To continue following the Learning Garden on social media, join our page on MeWe.com or sign in to you accont there. We will no longer post to the page on Facebook.
-Darien
Thanks to our dedicated core team of volunteers we’ve been able to make progress on developing the new garden site and continue some planting.
What they’ve done so far: Planted spring crops of lettuce, peas, kale, and a few radishes, all successfully harvested for the Food Pantry. Lettuce has been replanted a couple of times, so we should continue to have some for the Food Pantry. We have one bed of tomatoes planted, and some tomatillo plants in the large pots.
We’ve built two new beds this spring (tomatoes in one). With the soil saved and protected with cover crops over last winter, we have had enough soil for the four beds now built, and possibly one more. Bed #4 was just completed and filled with soil, we should be able to plant it in early July, possibly with bush beans and peppers. We also gave away about 40 tomato seedlings to Food Pantry clients. Our efforts will continue through ththe challenging times of reopening business and social opportunities.

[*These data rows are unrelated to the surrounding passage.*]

lemma grad_ip_lincomb_left:
  assumes tri: "conforming_triangulation T \<Omega>" and \<Omega>: "\<Omega> \<in> lmeasurable"
    and X: "v \<in> Xh T \<Omega> k" "w \<in> Xh T \<Omega> k" "z \<in> Xh T \<Omega> k"
  shows "grad_ip \<Omega> (\<lambda>x. a *\<^sub>R v x + b *\<^sub>R w x) z = a * grad_ip \<Omega> v z + b * grad_ip \<Omega> w z"
  unfolding grad_ip_def
proof (rule set_lebesgue_integral_lincomb_off_negligible[OF negligible_skeleton[OF tri]])
  show "set_integrable lebesgue \<Omega> (\<lambda>x. \<Sum>j\<in>UNIV. \<Sum>l\<in>UNIV. pd v l j x * pd z l j x)"
    and "set_integrable lebesgue \<Omega> (\<lambda>x. \<Sum>j\<in>UNIV. \<Sum>l\<in>UNIV. pd w l j x * pd z l j x)"
    using X by (auto intro: set_integrable_grad_inner[OF tri \<Omega>])
  fix x assume "x \<in> \<Omega> - skeleton T"
  then show "(\<Sum>j\<in>UNIV. \<Sum>l\<in>UNIV. pd (\<lambda>x. a *\<^sub>R v x + b *\<^sub>R w x) l j x * pd z l j x)
      = a * (\<Sum>j\<in>UNIV. \<Sum>l\<in>UNIV. pd v l j x * pd z l j x)
        + b * (\<Sum>j\<in>UNIV. \<Sum>l\<in>UNIV. pd w l j x * pd z l j x)"
    using X Xh_differentiable_off_skeleton[OF tri]
    by (simp add: pd_lincomb sum_distrib_left sum.distrib algebra_simps)
qed

lemma l2_ip_self_nonneg: "0 \<le> l2_ip \<Omega> a a"
  unfolding l2_ip_def set_lebesgue_integral_def by (intro Bochner_Integration.integral_nonneg) (simp add: indicator_def)

lemma grad_ip_self_nonneg: "0 \<le> grad_ip \<Omega> v v"
  unfolding grad_ip_def set_lebesgue_integral_def
  by (intro Bochner_Integration.integral_nonneg) (simp add: indicator_def sum_nonneg)

lemma l2_norm_eq_sqrt_l2_ip: "l2_norm \<Omega> a = sqrt (l2_ip \<Omega> a a)"
  by (simp add: l2_norm_def l2_ip_def power2_eq_square)

lemma ipm_multiplier_Xh:
  fixes u \<phi> :: "nat \<Rightarrow> real^'d \<Rightarrow> real^'d"
  assumes "\<phi> 0 = (\<lambda>x. 0)" "\<forall>j\<ge>1. \<phi> j = (\<lambda>x. \<phi> (j - 1) x - \<rho> *\<^sub>R u j x)"
    and "\<And>j. j \<ge> 1 \<Longrightarrow> u j \<in> Xh T \<Omega> k"
  shows "\<phi> j \<in> Xh T \<Omega> k"
proof (induction j)
  case 0
  then show ?case using assms(1) Xh_zero by simp
next
  case (Suc j)
  then show ?case
    using assms(2) Xh_lincomb[OF Suc assms(3), of "Suc j" 1 "-\<rho>"] by simp
qed

lemma ipm_increment_energy_identity:
  assumes tri: "conforming_triangulation T \<Omega>" and \<Omega>: "\<Omega> \<in> lmeasurable"
    and X: "a \<in> Xh T \<Omega> k" "b \<in> Xh T \<Omega> k" "q \<in> Xh T \<Omega> k"
    and e: "e = (\<lambda>x. a x - b x)"
    and eq_a: "\<nu> * grad_ip \<Omega> a e + \<rho> * l2_ip \<Omega> (divg a) (divg e)
               = F + l2_ip \<Omega> (divg (\<lambda>x. q x - \<rho> *\<^sub>R b x)) (divg e)"
    and eq_b: "\<nu> * grad_ip \<Omega> b e + \<rho> * l2_ip \<Omega> (divg b) (divg e) = F + l2_ip \<Omega> (divg q) (divg e)"
  shows "\<nu> * grad_ip \<Omega> e e + \<rho> * l2_ip \<Omega> (divg a) (divg e) = 0"
proof -
  have e_lincomb: "e = (\<lambda>x. 1 *\<^sub>R a x + (-1) *\<^sub>R b x)" using e by simp
  have eX: "e \<in> Xh T \<Omega> k" unfolding e_lincomb using X(1,2) by (rule Xh_lincomb)
  have "grad_ip \<Omega> e e = grad_ip \<Omega> a e - grad_ip \<Omega> b e"
    using grad_ip_lincomb_left[OF tri \<Omega> X(1,2) eX, of 1 "-1", folded e_lincomb] by simp
  then have "\<nu> * grad_ip \<Omega> e e = \<nu> * grad_ip \<Omega> a e - \<nu> * grad_ip \<Omega> b e"
    by (simp add: right_diff_distrib)
  moreover have "l2_ip \<Omega> (divg (\<lambda>x. q x - \<rho> *\<^sub>R b x)) (divg e)
      = l2_ip \<Omega> (divg q) (divg e) - \<rho> * l2_ip \<Omega> (divg b) (divg e)"
    using l2_ip_divg_lincomb_left[OF tri \<Omega> X(3,2) eX, of 1 "-\<rho>"] by simp
  ultimately show ?thesis using eq_a eq_b by linarith
qed

lemma l2_norm_divg_le_of_energy_identity:
  assumes tri: "conforming_triangulation T \<Omega>" and \<Omega>: "\<Omega> \<in> lmeasurable"
    and X: "a \<in> Xh T \<Omega> k" "b \<in> Xh T \<Omega> k"
    and e: "e = (\<lambda>x. a x - b x)"
    and \<nu>: "0 \<le> \<nu>" and \<rho>: "0 < \<rho>"
    and energy: "\<nu> * grad_ip \<Omega> e e + \<rho> * l2_ip \<Omega> (divg a) (divg e) = 0"
  shows "l2_norm \<Omega> (divg a) \<le> l2_norm \<Omega> (divg b)"
proof -
  have e_lincomb: "e = (\<lambda>x. 1 *\<^sub>R a x + (-1) *\<^sub>R b x)" using e by simp
  have eX: "e \<in> Xh T \<Omega> k" unfolding e_lincomb using X(1,2) by (rule Xh_lincomb)
  have commute: "l2_ip \<Omega> p q = l2_ip \<Omega> q p" for p q
    unfolding l2_ip_def by (simp add: mult.commute)
  have expand: "l2_ip \<Omega> (divg e) (divg z) = l2_ip \<Omega> (divg a) (divg z) - l2_ip \<Omega> (divg b) (divg z)"
    if "z \<in> Xh T \<Omega> k" for z
    using l2_ip_divg_lincomb_left[OF tri \<Omega> X that, of 1 "-1", folded e_lincomb] by simp
  have "0 \<le> \<nu> * grad_ip \<Omega> e e" using \<nu> grad_ip_self_nonneg by (rule mult_nonneg_nonneg)
  then have "\<rho> * l2_ip \<Omega> (divg a) (divg e) \<le> 0" using energy by linarith
  then have "l2_ip \<Omega> (divg a) (divg e) \<le> 0" using \<rho> by (simp add: mult_le_0_iff)
  moreover have "l2_ip \<Omega> (divg a) (divg e) = l2_ip \<Omega> (divg a) (divg a) - l2_ip \<Omega> (divg a) (divg b)"
    using expand[OF X(1)] expand[OF X(2)] commute[of "divg a" "divg e"] commute[of "divg b" "divg a"]
    by simp
  moreover have "l2_ip \<Omega> (divg e) (divg e)
      = l2_ip \<Omega> (divg a) (divg a) - 2 * l2_ip \<Omega> (divg a) (divg b) + l2_ip \<Omega> (divg b) (divg b)"
    using expand[OF eX] expand[OF X(1)] expand[OF X(2)] commute[of "divg a" "divg e"]
      commute[of "divg b" "divg e"] commute[of "divg b" "divg a"]
    by simp
  ultimately have "l2_ip \<Omega> (divg a) (divg a) \<le> l2_ip \<Omega> (divg b) (divg b)"
    using l2_ip_self_nonneg[of \<Omega> "divg e"] by linarith
  then show ?thesis
    unfolding l2_norm_eq_sqrt_l2_ip by simp
qed

theorem mainTheorem9:
  fixes \<Omega> :: "(real^'d) set" and T :: "(real^'d) set set" and k :: nat
    and \<nu> \<rho> :: real and f :: "(real^'d \<Rightarrow> real^'d) \<Rightarrow> real" and g :: "real^'d \<Rightarrow> real^'d"
    and u \<phi> :: "nat \<Rightarrow> real^'d \<Rightarrow> real^'d" and i :: nat
  assumes dim: "CARD('d) \<ge> 2"
    and dom: "lipschitz_domain \<Omega>" "polyhedral_domain \<Omega>"
    and tri: "conforming_triangulation T \<Omega>"
    and SV: "div_compatible T \<Omega> k"
    and nu: "\<nu> > 0" and rho: "\<rho> > 0"
    and f_lin: "\<forall>v\<in>Vh T \<Omega> k. \<forall>w\<in>Vh T \<Omega> k. \<forall>a b::real.
                  f (\<lambda>x. a *\<^sub>R v x + b *\<^sub>R w x) = a * f v + b * f w"
    and g: "g \<in> Xh_tilde T \<Omega> k"
    and phi0: "\<phi> 0 = (\<lambda>x. 0)"
    and u_step: "\<forall>j\<ge>1. u j \<in> Xh_tilde T \<Omega> k \<and> (\<forall>x\<in>frontier \<Omega>. u j x = g x) \<and>
                   (\<forall>v\<in>Vh T \<Omega> k. \<nu> * grad_ip \<Omega> (u j) v + \<rho> * l2_ip \<Omega> (divg (u j)) (divg v)
                        = f v + l2_ip \<Omega> (divg (\<phi> (j - 1))) (divg v))"
    and phi_step: "\<forall>j\<ge>1. \<phi> j = (\<lambda>x. \<phi> (j - 1) x - \<rho> *\<^sub>R u j x)"
    and i: "i \<ge> 2"
  shows "l2_norm \<Omega> (divg (u i)) \<le> l2_norm \<Omega> (divg (u (i - 1)))"
proof -
  have \<Omega>: "\<Omega> \<in> lmeasurable"
    using dom(1) unfolding lipschitz_domain_def by (blast intro: lmeasurable_open)
  have uX: "u j \<in> Xh T \<Omega> k" if "j \<ge> 1" for j
    using u_step that unfolding Xh_tilde_def by blast
  define e where "e = (\<lambda>x. u i x - u (i - 1) x)"
  have "e \<in> Vh T \<Omega> k"
    using Xh_lincomb[OF uX uX, of i "i - 1" 1 "-1"] u_step i unfolding Vh_def e_def by auto
  then have step: "\<nu> * grad_ip \<Omega> (u j) e + \<rho> * l2_ip \<Omega> (divg (u j)) (divg e)
        = f e + l2_ip \<Omega> (divg (\<phi> (j - 1))) (divg e)" if "j \<ge> 1" for j
    using u_step that by blast
  have "\<phi> (i - 1) = (\<lambda>x. \<phi> (i - 2) x - \<rho> *\<^sub>R u (i - 1) x)"
    using phi_step[rule_format, of "i - 1"] i by (simp add: numeral_2_eq_2)
  with step[of i] step[of "i - 1"] i
  have "\<nu> * grad_ip \<Omega> (u i) e + \<rho> * l2_ip \<Omega> (divg (u i)) (divg e)
        = f e + l2_ip \<Omega> (divg (\<lambda>x. \<phi> (i - 2) x - \<rho> *\<^sub>R u (i - 1) x)) (divg e)"
    and "\<nu> * grad_ip \<Omega> (u (i - 1)) e + \<rho> * l2_ip \<Omega> (divg (u (i - 1))) (divg e)
        = f e + l2_ip \<Omega> (divg (\<phi> (i - 2))) (divg e)"
    by (simp_all add: numeral_2_eq_2)
  then have "\<nu> * grad_ip \<Omega> e e + \<rho> * l2_ip \<Omega> (divg (u i)) (divg e) = 0"
    using ipm_increment_energy_identity[OF tri \<Omega> uX uX ipm_multiplier_Xh[OF phi0 phi_step uX] e_def]
      i by simp
  then show ?thesis
    using i by (intro l2_norm_divg_le_of_energy_identity[OF tri \<Omega> uX uX e_def less_imp_le[OF nu] rho]) auto
qed

end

Last week we harvested kale, lettuce, and the last of the peas. In bed #2 we planted peppers on the west, and three butterbush squash on the east, replacing lettuce and radishes that have been harvested.
More soil and compost was added to bed #4, then peppers planted down the center, cilantro seeds on east and west ends, and bush green bean seeds on the south side.
In spite of mid-day heat this last week of July, work on the Learning Garden has continued. The garden is looking so good now! Thanks to our core volunteers for your hard labor!
Yesterday early morning I went to the garden to water before the heat of the day. I was a bit worried about how the squash, cucumber, and lettuce transplants, and bean seedlings, would look after not being watered since last Wednesday. They all looked great!